Corporate clients or partners have the budget to provide substantial revenue for a startup and can provide the stamp of approval or channel to help the startup land more key clients. However, it’s well-known that the approval process can be complex and time-consuming. So we put together a few key questions that can provide a startup much-needed clarity when exploring a new business opportunity:
1. Who at the corporation will be using your solution and who needs to approve the purchase?
Many times the users of a solution in a corporation are not the same as the people that must approve the use of the solution and may even be different from the people that have the power to purchase the solution. Five types of actors that may be involved in the process (which may or may not be the same people) include the Initiator, the Influencer, the Decider, the Buyer, and the User. These gatekeepers must all be given substantial attention during the process.
2. Do you have materials that your corporate “champion” can easily share and use to convince who they need to convince?
Many times a startup’s sales process to a corporate client or partner will not be direct. A startup needs a “champion” in the corporation that it is targeting and the champion will often not be sole or final decision maker. The champion needs to be your evangelist and act on your behalf when you can’t be in the room with the other decision-makers. But you can equip them with the right info and supporting materials. Don’t miss the opportunity to ask the champion the right questions about the internal dynamics (like the ones we have listed below) that will get you closer to a deal.
3. Do you understand the corporation’s current short-term and long-term product strategy?
Many resources at a corporation are working toward established (e.g., quarterly, annual) goals. It’s important to understand a company’s roadmap and when you may fit on that timeline. It can be difficult to get attention from your contacts when they are incentivized and guided by their company to focus elsewhere. It’s not unusual for a company to share this timeline with a potential development partner or supplier, so don’t be afraid to ask. Your champion can inform you about the corporation’s timeline or help influence product strategy in order to pick the right time to pitch your offering in front of key people. Their request to circle back the next quarter or in a few quarters may be a good sign they are incorporating you in their timeline though you still need to flush out whether they are truly interested in you by better understanding what factors impact their decision to work with you.
4. Will substantial development be needed for you to work with the corporate client/partner?

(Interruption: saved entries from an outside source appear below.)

definition Omega :: "(complex \<Rightarrow> complex \<times> complex) \<Rightarrow> real \<times> real \<Rightarrow> complex" where
  "Omega C st = (1/2) * det2 (pd2 (Pm C) st) (pd1 (Pm C) st)"

definition omegac :: "(complex \<Rightarrow> complex \<times> complex) \<Rightarrow> complex \<Rightarrow> complex \<Rightarrow> complex" where
  "omegac C s \<tau> = (1/2) * det2 (cpd1 (pc C) s \<tau>) (cpd2 (pc C) s \<tau>)"

text \<open>P as a function of independent variables z and zbar.\<close>
definition Pzw :: "(complex \<Rightarrow> complex \<times> complex) \<Rightarrow> complex \<Rightarrow> complex \<Rightarrow> complex \<times> complex" where
  "Pzw C z w = (1/2) *\<^sub>R (C z + C w)"

definition Astr :: "(complex \<Rightarrow> complex \<times> complex) \<Rightarrow> real \<times> real \<Rightarrow> complex" where
  "Astr C st = (let z = Complex (fst st) (snd st) in
     \<i> * det2 (cpd1 (Pzw C) z (cnj z)) (cpd1 (cpd1 (Pzw C)) z (cnj z)))"

definition Bstr :: "(complex \<Rightarrow> complex \<times> complex) \<Rightarrow> real \<times> real \<Rightarrow> complex" where
  "Bstr C st = (let z = Complex (fst st) (snd st) in
     - \<i> * det2 (cpd2 (Pzw C) z (cnj z)) (cpd2 (cpd2 (Pzw C)) z (cnj z)))"

definition Jpick :: "(complex \<Rightarrow> complex \<times> complex) \<Rightarrow> real \<times> real \<Rightarrow> complex" where
  "Jpick C st = Astr C st * Bstr C st / Omega C st ^ 3"

definition sdom :: "complex set \<Rightarrow> (real \<times> real) set" where
  "sdom U = {(s, t). 0 < t \<and> closed_segment (Complex s (- t)) (Complex s t) \<subseteq> U}"

definition definite_graph_at :: "(complex \<Rightarrow> complex \<times> complex) \<Rightarrow> real \<times> real \<Rightarrow> bool" where
  "definite_graph_at C st \<longleftrightarrow>
     (\<exists>W V (u :: real \<times> real \<Rightarrow> real).
        open W \<and> st \<in> W \<and> open V \<and>
        bij_betw (\<lambda>q. (Re (fst (Pm C q)), Re (snd (Pm C q)))) W V \<and>
        (\<forall>q\<in>W. Fm C q = of_real (u (Re (fst (Pm C q)), Re (snd (Pm C q))))) \<and>
        (\<forall>x\<in>V. u differentiable (at x) \<and> pd1 u differentiable (at x) \<and>
                 pd2 u differentiable (at x) \<and>
                 pd1 (pd1 u) x * pd2 (pd2 u) x - pd1 (pd2 u) x * pd2 (pd1 u) x = 1))"

end

theory Submission
  imports Defs
begin

text \<open>Writing \<open>w\<close> for \<open>z\<close> conjugate and treating \<open>z, w\<close> as independent variables, every
  quantity is an explicit holomorphic expression in \<open>(z, w)\<close>: \<open>P = (C(z) + C(w))/2\<close>, and
  integrating along the chord gives \<open>F = i/4 (G(z) - G(w) + [C(z), C(w)])\<close> for a primitive \<open>G\<close>
  of \<open>[C, C']\<close>. Then \<open>\<partial>\<^sub>s = \<partial>\<^sub>z + \<partial>\<^sub>w\<close> and \<open>\<partial>\<^sub>t = i(\<partial>\<^sub>z - \<partial>\<^sub>w)\<close>, so
  isothermality becomes a polynomial identity, and the Schwarz reflection principle makes \<open>P\<close>
  and \<open>F\<close> real. Over \<open>x = Re C(z)\<close> the surface is the graph of a function \<open>u\<close> with
  \<open>\<nabla>u = (Im C\<^sub>2(z), -Im C\<^sub>1(z))\<close>; by Cauchy--Riemann, \<open>x\<close> and \<open>\<nabla>u\<close> have the same
  Jacobian determinant as functions of \<open>(s, t)\<close>, whence \<open>det D\<^sup>2u = 1\<close>. Composing with \<open>\<psi>\<close> replaces \<open>G\<close> by the primitive
  \<open>G \<circ> \<psi>\<close>, which gives reparameterization invariance. Finally \<open>A, B\<close> are \<open>\<plusminus>i/4\<close> times
  the curvature \<open>[C', C'']\<close> at \<open>z, w\<close>, and \<open>\<Omega>\<close> is \<open>i/4 (z - w)\<close> times a divided difference
  tending to minus the curvature on the axis, so \<open>J \<noteq> 0\<close> near a point of nonzero curvature.\<close>

section \<open>Reflection principle and the chord integral\<close>

lemma open_cnj_image: "open S \<Longrightarrow> open (cnj ` (S::complex set))"
  unfolding image_cnj_conv_vimage_cnj by (intro open_vimage) (auto intro: continuous_intros)

lemma convex_cnj_image: "convex S \<Longrightarrow> convex (cnj ` (S::complex set))"
  by (rule convex_linear_image) (simp add: linear_cnj)

lemma of_real_midpoint_islimpt:
  assumes "a < b"
  shows "of_real ((a+b)/2) islimpt (of_real ` {a<..<b} :: complex set)"
  unfolding islimpt_approachable
proof (intro allI impI)
  fix e :: real assume e: "e > 0"
  define d where "d = min (e/2) ((b-a)/4)"
  define x where "x = complex_of_real ((a+b)/2 + d)"
  have d: "0 < d" "d < e" using e assms by (auto simp: d_def min_def)
  have "(a+b)/2 + d \<in> {a<..<b}" using e assms by (auto simp: d_def min_def field_simps)
  then have "x \<in> of_real ` {a<..<b}" unfolding x_def by (rule imageI)
  moreover have dist: "dist x (of_real ((a+b)/2)) = d"
    using d by (simp add: x_def dist_norm flip: of_real_diff)
  moreover have "x \<noteq> of_real ((a+b)/2)" using dist d by auto
  ultimately show "\<exists>x'\<in>of_real ` {a<..<b}. x' \<noteq> complex_of_real ((a+b)/2) \<and> dist x' (of_real ((a+b)/2)) < e"
    using d by blast
qed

Will your product work as is, or will you need to make modifications at the request of the corporate client/partner? Will any customization only benefit the client/partner or will the modifications be incorporated permanently into your product? Will changes to your existing product roadmap negatively impact your development cycles and existing launch schedules? Sometimes founders make the mistake of thinking that once the basic terms of the deals are set, the details are for the legal team to figure out near the end of the deal. However, misaligned expectations about each party’s contribution or IP rights are the type of details that can really change the deal. If any co-development is required, get a more technical perspective of the collaboration and come to an agreement on the details before inking the deal.
5. What are relevant corporate policies, processes and legal requirements you should be aware of?
There are often burdensome legal, financial, insurance and policy requirements in a large company whether or not the company has had experience working with startups (though it can help if they are familiar with working with smaller companies). For example, large companies may have specific insurance requirements (which may be a costly expense for a young startup) or have additional criteria that vendors must meet. Bigger companies have the upper hand in negotiations and it’s also often difficult for them to change existing policies. Agreeing to the terms with the business teams and negotiating the contract gets you most of the way through the deal, but expect some additional processes or requirements for you to become a vendor or be added to the billing system.
6. Are you committed?
This seems like a given but, compared to a startup where you need to chase multiple leads and expect more failures than successes, one failed project in a corporate environment can seriously impact (even potentially end) a person’s career. Also, more often than not today, a corporation wants to know that you can support the product/solution that you provide them beyond the onboarding process. If your corporate champion gets the sense that you’re not committed, it will be difficult to move forward.
7. What is your bottom line for getting this deal done?
The circumstances surrounding a deal may impact what you think is your bottom line. When difficult decisions come up, like whether or not to give exclusive distribution or manufacturing rights, you have to decide whether what you’re getting is worth what you’re giving. Your attorney can help you understand the implications of a term or narrow down the scope of a bad term, but ultimately you have to decide how much you can give or take. Though you may make certain compromises to get specific strategic deals done or to get funding in a tight spot, note that these compromises could become precedence that you have to battle in later deals. Lastly, terms can differ from market to market so don’t underestimate the value of local professional advice (and second opinions) from trustworthy sources.
Do you have other suggestions of what to ask upfront when negotiating a deal with large corporations?